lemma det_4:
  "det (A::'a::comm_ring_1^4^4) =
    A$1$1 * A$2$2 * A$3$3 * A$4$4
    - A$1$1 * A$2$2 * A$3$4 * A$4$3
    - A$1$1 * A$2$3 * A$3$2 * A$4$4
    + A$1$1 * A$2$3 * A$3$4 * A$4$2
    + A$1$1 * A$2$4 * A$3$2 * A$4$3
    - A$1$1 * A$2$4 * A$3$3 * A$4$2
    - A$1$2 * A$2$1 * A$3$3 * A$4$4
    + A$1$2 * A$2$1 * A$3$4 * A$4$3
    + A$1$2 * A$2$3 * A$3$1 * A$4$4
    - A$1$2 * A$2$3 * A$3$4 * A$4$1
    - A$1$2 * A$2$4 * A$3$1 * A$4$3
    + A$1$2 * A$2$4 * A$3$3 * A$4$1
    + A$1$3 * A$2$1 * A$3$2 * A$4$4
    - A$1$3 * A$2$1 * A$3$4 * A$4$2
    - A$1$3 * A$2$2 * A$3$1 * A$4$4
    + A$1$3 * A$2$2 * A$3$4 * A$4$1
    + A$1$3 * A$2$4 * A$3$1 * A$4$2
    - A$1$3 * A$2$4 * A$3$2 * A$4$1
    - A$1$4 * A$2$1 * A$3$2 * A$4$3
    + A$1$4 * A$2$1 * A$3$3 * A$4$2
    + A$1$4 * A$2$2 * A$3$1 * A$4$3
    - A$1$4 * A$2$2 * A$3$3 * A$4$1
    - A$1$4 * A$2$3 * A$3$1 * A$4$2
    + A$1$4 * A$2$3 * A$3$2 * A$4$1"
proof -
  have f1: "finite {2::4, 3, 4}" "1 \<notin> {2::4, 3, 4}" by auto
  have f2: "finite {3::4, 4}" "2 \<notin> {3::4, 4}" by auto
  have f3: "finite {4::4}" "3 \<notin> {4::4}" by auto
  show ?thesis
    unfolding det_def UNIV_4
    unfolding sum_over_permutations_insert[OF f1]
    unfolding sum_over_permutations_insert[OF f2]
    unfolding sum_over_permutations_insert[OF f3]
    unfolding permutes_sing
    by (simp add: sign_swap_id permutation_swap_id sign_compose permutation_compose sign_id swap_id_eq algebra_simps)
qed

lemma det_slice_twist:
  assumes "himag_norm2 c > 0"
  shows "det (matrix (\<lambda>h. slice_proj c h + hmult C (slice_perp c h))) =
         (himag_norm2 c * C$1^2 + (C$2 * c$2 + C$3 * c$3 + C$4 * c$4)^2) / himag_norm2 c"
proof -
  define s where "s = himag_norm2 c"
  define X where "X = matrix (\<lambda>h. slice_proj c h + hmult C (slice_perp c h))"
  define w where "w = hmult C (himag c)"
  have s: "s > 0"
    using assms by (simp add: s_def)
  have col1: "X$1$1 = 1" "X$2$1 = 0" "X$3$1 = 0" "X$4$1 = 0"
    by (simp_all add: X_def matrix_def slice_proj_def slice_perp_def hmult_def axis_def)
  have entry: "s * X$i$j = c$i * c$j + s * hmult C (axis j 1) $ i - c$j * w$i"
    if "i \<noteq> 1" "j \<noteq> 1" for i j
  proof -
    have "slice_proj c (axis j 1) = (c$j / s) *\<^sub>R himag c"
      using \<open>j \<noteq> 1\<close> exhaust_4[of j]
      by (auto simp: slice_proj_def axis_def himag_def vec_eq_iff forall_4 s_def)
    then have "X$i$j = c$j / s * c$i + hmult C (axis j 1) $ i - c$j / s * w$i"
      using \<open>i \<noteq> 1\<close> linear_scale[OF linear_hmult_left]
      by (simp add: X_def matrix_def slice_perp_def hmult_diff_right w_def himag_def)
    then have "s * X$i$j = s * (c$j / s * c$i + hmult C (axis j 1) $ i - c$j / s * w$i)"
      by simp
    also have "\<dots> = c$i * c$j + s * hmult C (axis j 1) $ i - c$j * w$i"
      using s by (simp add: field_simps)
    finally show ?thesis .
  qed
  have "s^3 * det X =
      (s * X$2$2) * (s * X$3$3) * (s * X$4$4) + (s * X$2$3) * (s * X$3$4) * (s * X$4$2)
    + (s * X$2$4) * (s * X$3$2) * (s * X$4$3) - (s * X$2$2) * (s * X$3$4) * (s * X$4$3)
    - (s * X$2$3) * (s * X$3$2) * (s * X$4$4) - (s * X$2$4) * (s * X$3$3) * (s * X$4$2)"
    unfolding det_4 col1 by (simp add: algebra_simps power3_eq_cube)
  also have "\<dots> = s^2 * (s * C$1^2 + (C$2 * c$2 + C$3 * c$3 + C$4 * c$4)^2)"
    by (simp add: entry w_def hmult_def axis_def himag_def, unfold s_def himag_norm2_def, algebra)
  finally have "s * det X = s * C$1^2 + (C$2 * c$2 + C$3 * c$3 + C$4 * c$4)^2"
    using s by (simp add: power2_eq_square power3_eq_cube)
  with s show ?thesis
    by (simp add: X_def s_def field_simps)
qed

* * *

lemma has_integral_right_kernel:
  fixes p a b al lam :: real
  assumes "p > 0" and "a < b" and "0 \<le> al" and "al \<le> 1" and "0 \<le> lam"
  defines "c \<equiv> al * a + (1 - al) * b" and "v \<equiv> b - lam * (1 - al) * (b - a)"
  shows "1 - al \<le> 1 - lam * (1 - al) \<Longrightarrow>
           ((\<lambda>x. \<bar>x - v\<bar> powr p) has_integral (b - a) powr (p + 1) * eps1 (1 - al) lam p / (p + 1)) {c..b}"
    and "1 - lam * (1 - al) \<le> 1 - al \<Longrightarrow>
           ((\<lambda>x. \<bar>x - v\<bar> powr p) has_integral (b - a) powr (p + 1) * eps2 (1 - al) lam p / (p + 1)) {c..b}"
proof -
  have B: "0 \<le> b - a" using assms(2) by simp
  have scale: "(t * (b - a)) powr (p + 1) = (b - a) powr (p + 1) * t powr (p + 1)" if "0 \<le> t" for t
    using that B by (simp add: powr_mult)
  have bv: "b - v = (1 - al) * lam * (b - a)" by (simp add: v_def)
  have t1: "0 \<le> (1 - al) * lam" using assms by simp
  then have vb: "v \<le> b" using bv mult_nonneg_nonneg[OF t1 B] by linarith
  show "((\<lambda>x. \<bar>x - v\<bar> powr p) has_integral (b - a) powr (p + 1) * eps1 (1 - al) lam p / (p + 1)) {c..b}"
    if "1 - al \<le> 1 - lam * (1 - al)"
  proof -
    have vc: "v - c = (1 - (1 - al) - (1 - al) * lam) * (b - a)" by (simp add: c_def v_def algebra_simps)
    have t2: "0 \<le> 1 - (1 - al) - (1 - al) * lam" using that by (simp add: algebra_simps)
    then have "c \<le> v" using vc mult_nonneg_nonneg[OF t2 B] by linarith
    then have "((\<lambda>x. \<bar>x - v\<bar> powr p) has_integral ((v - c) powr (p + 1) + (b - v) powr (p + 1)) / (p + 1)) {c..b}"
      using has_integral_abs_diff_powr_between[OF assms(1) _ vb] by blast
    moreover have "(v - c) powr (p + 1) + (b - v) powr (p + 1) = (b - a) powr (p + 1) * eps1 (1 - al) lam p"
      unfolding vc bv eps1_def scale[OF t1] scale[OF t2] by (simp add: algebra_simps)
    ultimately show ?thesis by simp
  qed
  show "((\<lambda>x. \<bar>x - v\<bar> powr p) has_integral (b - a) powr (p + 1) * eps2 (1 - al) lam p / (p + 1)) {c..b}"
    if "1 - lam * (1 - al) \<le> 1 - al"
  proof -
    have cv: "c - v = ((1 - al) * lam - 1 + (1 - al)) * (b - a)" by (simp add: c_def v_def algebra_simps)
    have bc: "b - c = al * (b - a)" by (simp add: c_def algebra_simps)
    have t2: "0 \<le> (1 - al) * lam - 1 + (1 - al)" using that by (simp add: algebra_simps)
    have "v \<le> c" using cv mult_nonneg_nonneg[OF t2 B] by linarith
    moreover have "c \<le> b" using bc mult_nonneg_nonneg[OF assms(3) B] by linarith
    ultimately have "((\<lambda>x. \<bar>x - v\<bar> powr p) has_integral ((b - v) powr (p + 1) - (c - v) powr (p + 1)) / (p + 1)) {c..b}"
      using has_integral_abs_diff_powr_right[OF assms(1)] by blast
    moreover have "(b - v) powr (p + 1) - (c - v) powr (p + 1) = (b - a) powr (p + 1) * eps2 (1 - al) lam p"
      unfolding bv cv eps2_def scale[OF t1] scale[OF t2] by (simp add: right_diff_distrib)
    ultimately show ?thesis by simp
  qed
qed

---

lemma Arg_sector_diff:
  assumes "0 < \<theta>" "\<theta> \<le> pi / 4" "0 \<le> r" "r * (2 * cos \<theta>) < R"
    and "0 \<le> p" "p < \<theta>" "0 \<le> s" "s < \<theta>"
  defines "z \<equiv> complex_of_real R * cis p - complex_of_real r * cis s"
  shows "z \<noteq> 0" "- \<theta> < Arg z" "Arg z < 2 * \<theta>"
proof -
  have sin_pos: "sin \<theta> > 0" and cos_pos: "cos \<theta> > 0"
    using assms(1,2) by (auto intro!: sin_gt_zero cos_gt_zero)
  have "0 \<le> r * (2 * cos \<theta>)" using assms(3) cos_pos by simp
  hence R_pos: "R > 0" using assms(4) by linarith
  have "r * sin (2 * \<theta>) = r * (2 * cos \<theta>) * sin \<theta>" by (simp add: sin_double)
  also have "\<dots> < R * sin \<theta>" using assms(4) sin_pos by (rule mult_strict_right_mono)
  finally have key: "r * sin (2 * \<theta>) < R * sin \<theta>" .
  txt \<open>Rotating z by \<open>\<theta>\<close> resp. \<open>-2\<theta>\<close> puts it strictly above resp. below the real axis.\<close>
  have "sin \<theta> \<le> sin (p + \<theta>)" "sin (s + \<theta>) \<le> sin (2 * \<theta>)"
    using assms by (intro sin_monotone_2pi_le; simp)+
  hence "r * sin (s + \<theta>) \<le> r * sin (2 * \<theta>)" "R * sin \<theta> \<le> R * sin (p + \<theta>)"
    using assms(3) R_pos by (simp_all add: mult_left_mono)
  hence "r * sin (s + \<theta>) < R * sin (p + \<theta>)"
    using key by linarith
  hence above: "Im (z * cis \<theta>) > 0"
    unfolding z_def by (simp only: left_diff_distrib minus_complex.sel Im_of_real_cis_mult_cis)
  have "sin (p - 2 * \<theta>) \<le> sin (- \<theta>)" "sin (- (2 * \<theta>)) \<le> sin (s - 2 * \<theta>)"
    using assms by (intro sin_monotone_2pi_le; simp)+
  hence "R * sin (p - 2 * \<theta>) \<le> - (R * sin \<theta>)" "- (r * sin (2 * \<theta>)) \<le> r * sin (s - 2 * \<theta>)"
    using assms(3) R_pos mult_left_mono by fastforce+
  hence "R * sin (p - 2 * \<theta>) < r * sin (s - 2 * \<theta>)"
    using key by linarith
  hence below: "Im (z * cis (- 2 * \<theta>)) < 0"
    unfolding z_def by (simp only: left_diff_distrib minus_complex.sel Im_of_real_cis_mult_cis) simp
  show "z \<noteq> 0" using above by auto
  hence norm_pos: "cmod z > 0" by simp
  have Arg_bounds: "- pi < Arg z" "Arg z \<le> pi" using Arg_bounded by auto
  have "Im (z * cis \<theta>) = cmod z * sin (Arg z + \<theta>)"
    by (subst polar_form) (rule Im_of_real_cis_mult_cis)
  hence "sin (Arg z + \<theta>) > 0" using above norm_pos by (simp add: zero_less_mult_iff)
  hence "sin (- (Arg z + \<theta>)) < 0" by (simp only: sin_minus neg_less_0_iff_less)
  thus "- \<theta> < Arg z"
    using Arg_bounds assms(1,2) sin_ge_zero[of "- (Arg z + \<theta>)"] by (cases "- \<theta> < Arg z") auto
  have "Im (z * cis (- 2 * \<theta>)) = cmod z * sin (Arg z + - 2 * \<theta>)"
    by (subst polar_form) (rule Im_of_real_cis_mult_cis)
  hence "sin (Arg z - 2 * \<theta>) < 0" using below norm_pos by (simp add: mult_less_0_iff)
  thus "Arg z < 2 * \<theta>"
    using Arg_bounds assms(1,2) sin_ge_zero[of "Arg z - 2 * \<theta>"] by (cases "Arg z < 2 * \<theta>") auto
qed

Exercise objective:
Count up the lines above that include the string "assumes" and report nothing but that number.

Solution to this problem:
3